CIT announces plan to cut debt, bankruptcy still possible; Morris notes gain momentum

By Paul A. Harris and Stephanie N. Rotondo

Portland, Ore., Oct. 2 - CIT Group Inc. was once again the nom du jour Friday, as the company formally announced its restructuring plan.

As was expected, the plan includes a debt exchange and, should that exchange fail, a pre-packaged bankruptcy. The bonds reacted by falling as much as 5 points on the day.

Meanwhile, Morris Publishing Co.'s debt continued to gain ground. The notes had moved up from the single digits earlier in the week after the company said it was working with bondholders on a restructuring plan.
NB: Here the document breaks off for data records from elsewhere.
lemma card_copy_edges_Int:
  assumes "\<phi> \<in> copies" "\<psi> \<in> copies"
  shows "card (copy_edges \<phi> \<inter> copy_edges \<psi>) * v \<le> e * card (agree \<phi> \<psi>)"
proof -
  let ?H = "{p \<in> H. fst p \<in> agree \<phi> \<psi> \<and> snd p \<in> agree \<phi> \<psi>}"
  have "copy_edges \<phi> \<inter> copy_edges \<psi> \<subseteq> map_prod \<phi> \<phi> ` ?H"
  proof
    fix q assume "q \<in> copy_edges \<phi> \<inter> copy_edges \<psi>"
    then obtain x y x' y' where xy: "(x, y) \<in> H" "(x', y') \<in> H" "q = (\<phi> x, \<phi> y)" "q = (\<psi> x', \<psi> y')"
      unfolding copy_edges_def by auto
    have "x < v" "y < v" "x' < v" "y' < v" using xy H_subset by auto
    moreover have "\<phi> x = \<psi> x'" "\<phi> y = \<psi> y'" using xy(3,4) by simp_all
    ultimately have "x = x'" "y = y'" using copy_eq_imp_eq[OF assms] by blast+
    hence "(x, y) \<in> ?H" using xy \<open>x < v\<close> \<open>y < v\<close> unfolding agree_def by simp
    thus "q \<in> map_prod \<phi> \<phi> ` ?H" using xy(3) by (intro image_eqI[of _ _ "(x, y)"]) simp_all
  qed
  moreover have "finite ?H" using finite_H by simp
  ultimately have "card (copy_edges \<phi> \<inter> copy_edges \<psi>) \<le> card (map_prod \<phi> \<phi> ` ?H)"
    by (intro card_mono finite_imageI)
  also have "\<dots> \<le> card ?H" using \<open>finite ?H\<close> by (rule card_image_le)
  finally have "card (copy_edges \<phi> \<inter> copy_edges \<psi>) * v \<le> card ?H * v" by simp
  also have "\<dots> \<le> e * card (agree \<phi> \<psi>)" by (rule card_H_within) (auto simp: agree_def)
  finally show ?thesis .
qed

lemma card_copy_edges_Un:
  assumes "\<phi> \<in> copies" "\<psi> \<in> copies"
  shows "card (copy_edges \<phi> \<union> copy_edges \<psi>) = 2 * e - card (copy_edges \<phi> \<inter> copy_edges \<psi>)"
  using card_Un_Int[of "copy_edges \<phi>" "copy_edges \<psi>"] card_copy_edges assms finite_H
  by (simp add: copy_edges_def)

lemma sum_power_card_agree:
  fixes x :: real
  assumes "\<phi> \<in> copies"
  shows "(\<Sum>\<psi>\<in>copies. x ^ card (agree \<phi> \<psi>)) = (x + real m - 1) ^ v"
proof -
  have "(\<Sum>\<psi>\<in>copies. x ^ card (agree \<phi> \<psi>)) = (\<Sum>\<psi>\<in>copies. \<Prod>i<v. if \<phi> i = \<psi> i then x else 1)"
    by (simp add: prod.If_cases agree_def Int_def)
  also have "\<dots> = (\<Prod>i<v. \<Sum>y\<in>block i. if \<phi> i = y then x else 1)"
    unfolding copies_def by (rule prod_sum_PiE[symmetric]) (auto simp: block_def)
  also have "\<dots> = (\<Prod>i<v. x + real m - 1)"
  proof (rule prod.cong[OF refl])
    fix i assume "i \<in> {..<v}"
    hence "\<phi> i \<in> block i" using assms unfolding copies_def by auto
    hence "{y. y = \<phi> i \<and> y \<in> block i} = {\<phi> i}" "{y \<in> block i. y \<noteq> \<phi> i} = block i - {\<phi> i}"
      and "card (block i - {\<phi> i}) = m - 1"
      by (auto simp: block_def)
    thus "(\<Sum>y\<in>block i. if \<phi> i = y then x else 1) = x + real m - 1"
      using m_pos by (simp add: sum.If_cases of_nat_diff Int_def block_def[of i])
  qed
  finally show ?thesis by simp
qed

end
Cash bonds were headed out at the end of Friday's session lower by ½ point, after being down by as much as a point earlier in the session, according to a trader on the U.S. East Coast.

"Thursday was weak," the source recounted, just before the close.

"Today was weak in the morning, and now it's rallying a little."

Secured deals trade well

Of deals recently priced, "traditional high-yield" unsecured notes have tended to underperform, according to the trader.

The new Cincinnati Bell, Inc. 8¼% senior notes due 2017 (Ba3/B+), which priced Wednesday in a $500 million issue at 98.562 to yield 8½%, were 2 points below issue price at the Friday close, the trader said.

"The traditional deals just haven't left a lot on the table, so they haven't had much steam," the source remarked.

On the other hand, secured notes issued for the purpose of repaying debt have outperformed, sources told Prospect News.

The new ACCO Brands Corp. 10 5/8% senior secured notes due 2015, which priced Sept. 21 in a $460 million issue at 98.502 to yield 11%, were at 104½ bid on Friday, according to the trader.

In a similar vein, the Global Crossing Ltd. 12% senior secured notes due 2015 which priced on Sept. 11 in a $750 million issue at 97.944 to yield 12½%, were trading in a 104 bid, 105 offered-context on Friday, the trader said.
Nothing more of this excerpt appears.